*Exercise prompt*:
Hunt through the lines below for the string "rule" and copy each one that has it.

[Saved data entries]
(* Let $w$ be a word of length $k$ with $s \ne k-1$. Then either $b_{t(k-s)} = 0$ for every integer $1 \le t \le \lfloor k/(k-s) \rfloor$, or $b_{t(k-s)-1} = 0$ for every integer $1 \le t \le \lfloor (k+1)/(k-s) \rfloor$.
   Context: A word of length $k$ is written $w = w_k\dots w_1$. Autocorrelation digits: for $1 \le i \le k$, $b_i = 1$ if $w_j = w_{k-i+j}$ for all $j=1,\dots,i$, else $b_i = 0$ (so $b_k = 1$); convention $b_0=1$. $s = \max\{j \in\{1,\dots,k-1\}: b_j=1\}$, or $s=0$ if no such $j$. *)

theory Defs
  imports Main
begin

text \<open>A word w = w_k ... w_1 of length k is an 'a list read left to right,
  so the letter w_j (1 <= j <= k) is the list element at position k - j.\<close>
definition letter :: "'a list \<Rightarrow> nat \<Rightarrow> 'a" where
  "letter w j = w ! (length w - j)"

definition autocorr :: "'a list \<Rightarrow> nat \<Rightarrow> nat" where
  "autocorr w i =
     (if i = 0 \<or> (i \<le> length w \<and>
          (\<forall>j\<in>{1..i}. letter w j = letter w (length w - i + j)))
      then 1 else 0)"

definition maxcorr :: "'a list \<Rightarrow> nat" where
  "maxcorr w = (let S = {j\<in>{1..<length w}. autocorr w j = 1} in
                if S = {} then 0 else Max S)"

end

theory Submission
  imports Defs
begin

text \<open>The autocorrelation digit \<open>b_i\<close> (for \<open>1 \<le> i \<le> k\<close>) is \<open>1\<close> exactly when
  \<open>k - i\<close> is a period of \<open>w\<close>, so \<open>p = k - s\<close> is the least positive period of \<open>w\<close>, and
  \<open>s \<noteq> k - 1\<close> says \<open>p \<ge> 2\<close>. By the weak Fine--Wilf theorem, \<open>p\<close> divides every other
  period \<open>q\<close> with \<open>p + q \<le> k\<close>. If \<open>b_{tp} = 1\<close>, applying this to the period \<open>k - tp\<close> gives
  \<open>p | k\<close>. If moreover \<open>b_{tp-1} = 1\<close>, then \<open>k + 1 - tp\<close> is a period: for \<open>t \<ge> 2\<close> the same
  argument gives \<open>p | k + 1\<close>, impossible; for \<open>t = 1\<close> the periods \<open>p\<close> and \<open>k + 1 - p\<close>
  together with \<open>p | k\<close> force the word to be constant, contradicting \<open>p \<ge> 2\<close>.\<close>

definition has_period :: "'a list \<Rightarrow> nat \<Rightarrow> bool" where
  "has_period w q \<longleftrightarrow> (\<forall>i. i + q < length w \<longrightarrow> w ! i = w ! (i + q))"

definition minimal_period :: "'a list \<Rightarrow> nat \<Rightarrow> bool" where
  "minimal_period w p \<longleftrightarrow> 0 < p \<and> has_period w p \<and> (\<forall>q. 0 < q \<longrightarrow> has_period w q \<longrightarrow> p \<le> q)"

lemma has_period_ge_length: "length w \<le> q \<Longrightarrow> has_period w q"
  unfolding has_period_def by simp

lemma has_period_mult:
  assumes "has_period w p"
  shows "i + m * p < length w \<Longrightarrow> w ! i = w ! (i + m * p)"
proof (induction m)
  case (Suc m)
  have "w ! (i + m * p) = w ! (i + m * p + p)"
    using assms Suc.prems unfolding has_period_def by (auto simp: algebra_simps)
  with Suc show ?case by (auto simp: algebra_simps)
qed simp

lemma has_period_nth_mod:
  assumes "has_period w p" "i < length w"
  shows "w ! i = w ! (i mod p)"
  using has_period_mult[OF assms(1), of "i mod p" "i div p"] assms(2) by simp

lemma has_period_diff:
  assumes "has_period w p" "has_period w q" "p \<le> q" "p + q \<le> length w"
  shows "has_period w (q - p)"
  unfolding has_period_def
proof (intro allI impI)
  fix i assume i: "i + (q - p) < length w"
  show "w ! i = w ! (i + (q - p))"
  proof (cases "i + q < length w")
    case True
    then have "w ! i = w ! (i + q)" using assms(2) unfolding has_period_def by blast
    moreover have "w ! (i + (q - p)) = w ! (i + (q - p) + p)"
      using assms(1,3) True unfolding has_period_def by auto
    ultimately show ?thesis using assms(3) by simp
  next
    case False
    then have ip: "p \<le> i" using assms(4) by linarith
    have "w ! (i - p) = w ! (i - p + p)" using assms(1) ip i unfolding has_period_def by auto
    moreover have "w ! (i - p) = w ! (i - p + q)"
      using assms(2,3) ip i unfolding has_period_def by auto
    ultimately show ?thesis using ip assms(3) by (simp add: algebra_simps)
  qed
qed

text \<open>Weak Fine--Wilf theorem, by the subtractive Euclidean algorithm.\<close>
lemma has_period_gcd:
  "has_period w p \<Longrightarrow> has_period w q \<Longrightarrow> p + q \<le> length w \<Longrightarrow> has_period w (gcd p q)"
proof (induction "p + q" arbitrary: p q rule: less_induct)
  case less
  show ?case
  proof (cases "p = 0 \<or> q = 0")
    case True
    then show ?thesis using less by auto
  next
    case nonzero: False
    show ?thesis
    proof (cases "p \<le> q")
      case True
      have "has_period w (q - p)" using has_period_diff[OF less(2,3) True less(4)] .
      then have "has_period w (gcd p (q - p))" using less nonzero True by auto
      moreover have "gcd p (q - p) = gcd p q" using gcd_diff1_nat[OF True] by (simp add: ac_simps)
      ultimately show ?thesis by simp
    next
      case False
      have "has_period w (p - q)" using has_period_diff[OF less(3,2)] False less(4) by simp
      then have "has_period w (gcd (p - q) q)" using less nonzero False by auto
      then show ?thesis using False by (simp add: gcd_diff1_nat)
    qed
  qed
qed

lemma minimal_period_dvd_period:
  assumes "minimal_period w p" "has_period w q" "p + q \<le> length w"
  shows "p dvd q"
proof -
  have p: "0 < p" "has_period w p" using assms(1) unfolding minimal_period_def by auto
  have "has_period w (gcd p q)" using has_period_gcd[OF p(2) assms(2,3)] .
  moreover have "0 < gcd p q" using p(1) by simp
  ultimately have "p \<le> gcd p q" using assms(1) unfolding minimal_period_def by blast
  then have "gcd p q = p" using gcd_le1_nat[of p q] p(1) by linarith
  then show ?thesis by (metis gcd_dvd2)
qed

text \<open>With \<open>|w| = mp\<close>, a shift by \<open>|w| + 1 - p\<close> acts on residues mod \<open>p\<close> as \<open>j \<mapsto> j + 1\<close>.\<close>
lemma has_period_1_if_dvd_length:
  assumes per_p: "has_period w p" and dvd: "p dvd length w"
    and per_shift: "has_period w (length w + 1 - p)" and p: "1 \<le> p" "p \<le> length w"
  shows "has_period w 1"
proof -
  let ?n = "length w"
  obtain c where c: "?n - p = p * c" using dvd p by (metis dvd_diff_nat dvd_refl dvdE)
  have step: "w ! j = w ! (j + 1)" if j: "j + 1 < p" for j
  proof -
    have shift_lt: "j + 1 + (?n - p) < ?n" using j p by linarith
    have "j + (?n + 1 - p) = j + 1 + (?n - p)" using p(2) by simp
    then have "w ! j = w ! (j + 1 + (?n - p))"
      using per_shift shift_lt unfolding has_period_def by metis
    also have "\<dots> = w ! ((j + 1 + p * c) mod p)" using has_period_nth_mod[OF per_p shift_lt] c by simp
    also have "\<dots> = w ! (j + 1)" using j by simp
    finally show ?thesis .
  qed
  have residue: "j < p \<Longrightarrow> w ! j = w ! 0" for j
    by (induction j) (use step in auto)
  show ?thesis
    unfolding has_period_def
    using has_period_nth_mod[OF per_p] residue p(1)
    by (metis add_lessD1 less_le_trans mod_less_divisor zero_less_one)
qed

lemma minimal_period_dvd_length:
  assumes min: "minimal_period w p" and per: "has_period w (length w - t * p)"
    and t: "1 \<le> t" "t * p \<le> length w"
  shows "p dvd length w"
proof -
  have "p \<le> t * p" using t(1) by simp
  then have "p + (length w - t * p) \<le> length w" using t(2) by linarith
  then have "p dvd length w - t * p" using minimal_period_dvd_period[OF min per] by blast
  then have "p dvd (length w - t * p) + t * p" by simp
  then show ?thesis using t(2) by simp
qed

lemma not_has_period_length_Suc_minus_mult:
  assumes min: "minimal_period w p" and p: "2 \<le> p" and dvd: "p dvd length w"
    and t: "1 \<le> t" "t * p \<le> length w + 1"
  shows "\<not> has_period w (length w + 1 - t * p)"
proof
  assume per: "has_period w (length w + 1 - t * p)"
  have per_p: "has_period w p" and not_per_1: "\<not> has_period w 1"
    using min p unfolding minimal_period_def by auto
  show False
  proof (cases "t = 1")
    case True
    have "length w \<noteq> 0" using t(2) True p by auto
    then have "p \<le> length w" using dvd by (simp add: dvd_imp_le)
    then have "has_period w 1" using has_period_1_if_dvd_length[OF per_p dvd] per True p by simp
    with not_per_1 show False ..
  next
    case False
    then have "2 * p \<le> t * p" using t(1) by simp
    then have "p + (length w + 1 - t * p) \<le> length w" using t(2) p by linarith
    then have "p dvd length w + 1 - t * p" using minimal_period_dvd_period[OF min per] by blast
    then have "p dvd (length w + 1 - t * p) + t * p" by simp
    then have "p dvd length w + 1" using t(2) by simp
    then have "p dvd 1" using dvd dvd_add_right_iff by blast
    then show False using p by simp
  qed
qed

lemma autocorr_eq_1_iff_has_period:
  assumes "1 \<le> i" "i \<le> length w"
  shows "autocorr w i = 1 \<longleftrightarrow> has_period w (length w - i)"
proof -
  let ?k = "length w"
  have "(\<forall>j\<in>{1..i}. letter w j = letter w (?k - i + j)) \<longleftrightarrow> has_period w (?k - i)"
  proof
    assume H: "\<forall>j\<in>{1..i}. letter w j = letter w (?k - i + j)"
    show "has_period w (?k - i)" unfolding has_period_def
    proof (intro allI impI)
      fix m assume m: "m + (?k - i) < ?k"
      have "?k - (i - m) = m + (?k - i)" "?k - (?k - i + (i - m)) = m" "i - m \<in> {1..i}"
        using m assms by auto
      with H show "w ! m = w ! (m + (?k - i))" unfolding letter_def by metis
    qed
  next
    assume P: "has_period w (?k - i)"
    show "\<forall>j\<in>{1..i}. letter w j = letter w (?k - i + j)"
    proof
      fix j assume j: "j \<in> {1..i}"
      have "?k - j = (i - j) + (?k - i)" "?k - (?k - i + j) = i - j" "i - j + (?k - i) < ?k"
        using j assms by auto
      with P show "letter w j = letter w (?k - i + j)"
        unfolding letter_def has_period_def by metis
    qed
  qed
  then show ?thesis unfolding autocorr_def using assms by auto
qed

lemma autocorr_eq_0_iff: "autocorr w i = 0 \<longleftrightarrow> autocorr w i \<noteq> 1"
  unfolding autocorr_def by simp

lemma maxcorr_cases:
  obtains "maxcorr w = 0" "\<forall>j\<in>{1..<length w}. autocorr w j \<noteq> 1"
  | "maxcorr w \<in> {1..<length w}" "autocorr w (maxcorr w) = 1"
    "\<forall>j\<in>{1..<length w}. autocorr w j = 1 \<longrightarrow> j \<le> maxcorr w"
proof -
  define S where "S = {j\<in>{1..<length w}. autocorr w j = 1}"
  have maxcorr: "maxcorr w = (if S = {} then 0 else Max S)"
    unfolding maxcorr_def S_def Let_def ..
  show thesis
  proof (cases "S = {}")
    case True
    then show thesis using that(1) maxcorr unfolding S_def by auto
  next
    case False
    have "finite S" unfolding S_def by simp
    then have "Max S \<in> S" "\<forall>j\<in>S. j \<le> Max S" using False by auto
    then have "Max S \<in> {1..<length w}" "autocorr w (Max S) = 1"
      "\<forall>j\<in>{1..<length w}. autocorr w j = 1 \<longrightarrow> j \<le> Max S"
      unfolding S_def by auto
    then show thesis using that(2) maxcorr False by simp
  qed
qed

lemma minimal_period_length_minus_maxcorr:
  assumes "w \<noteq> []"
  shows "minimal_period w (length w - maxcorr w)"
proof -
  let ?k = "length w"
  have below: "?k - maxcorr w \<le> q" if q: "0 < q" "has_period w q" for q
  proof (cases "q < ?k")
    case True
    then have "autocorr w (?k - q) = 1" using autocorr_eq_1_iff_has_period[of "?k - q" w] q by auto
    then show ?thesis using True q(1) by (cases w rule: maxcorr_cases) force+
  qed simp
  have "has_period w (?k - maxcorr w)"
    using autocorr_eq_1_iff_has_period[of "maxcorr w" w]
    by (cases w rule: maxcorr_cases) (auto intro: has_period_ge_length)
  moreover have "maxcorr w < ?k" using assms by (cases w rule: maxcorr_cases) auto
  ultimately show ?thesis unfolding minimal_period_def using below by auto
qed

theorem proposition4p2:
  fixes w :: "'a list" and k s :: nat
  assumes "length w = k" and "1 \<le> k"
    and "s = maxcorr w" and "s \<noteq> k - 1"
  shows "(\<forall>t::nat. 1 \<le> t \<and> t \<le> k div (k - s) \<longrightarrow> autocorr w (t * (k - s)) = 0)
       \<or> (\<forall>t::nat. 1 \<le> t \<and> t \<le> (k + 1) div (k - s) \<longrightarrow> autocorr w (t * (k - s) - 1) = 0)"
proof (rule ccontr)
  define p where "p = k - s"
  have min: "minimal_period w p"
    using minimal_period_length_minus_maxcorr[of w] assms unfolding p_def by fastforce
  then have "p \<noteq> 1" "0 < p" using assms unfolding p_def minimal_period_def by auto
  then have p2: "2 \<le> p" by linarith
  assume "\<not> ?thesis"
  then obtain t1 t2 where t1: "1 \<le> t1" "t1 \<le> k div p" "autocorr w (t1 * p) = 1"
    and t2: "1 \<le> t2" "t2 \<le> (k + 1) div p" "autocorr w (t2 * p - 1) = 1"
    unfolding p_def autocorr_eq_0_iff by blast
  have t1p: "t1 * p \<le> k" and t2p: "p \<le> t2 * p" "t2 * p \<le> k + 1"
    using t1 t2 less_eq_div_iff_mult_less_eq p2 by auto
  have "has_period w (k - t1 * p)"
    using t1 t1p p2 assms(1) autocorr_eq_1_iff_has_period[of "t1 * p" w] by simp
  then have dvd_k: "p dvd k" using minimal_period_dvd_length[OF min] t1 t1p assms(1) by simp
  have "1 \<le> t2 * p - 1" "t2 * p - 1 \<le> k" "k - (t2 * p - 1) = k + 1 - t2 * p"
    using t2p p2 by linarith+
  then have "has_period w (k + 1 - t2 * p)"
    using t2(3) assms(1) autocorr_eq_1_iff_has_period[of "t2 * p - 1" w] by simp
  with dvd_k show False
    using not_has_period_length_Suc_minus_mult[OF min p2] t2 t2p assms(1) by simp
qed

end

*Response for this exercise*:
proof (induction "p + q" arbitrary: p q rule: less_induct)
    then show ?thesis using True q(1) by (cases w rule: maxcorr_cases) force+
    by (cases w rule: maxcorr_cases) (auto intro: has_period_ge_length)
  moreover have "maxcorr w < ?k" using assms by (cases w rule: maxcorr_cases) auto
proof (rule ccontr)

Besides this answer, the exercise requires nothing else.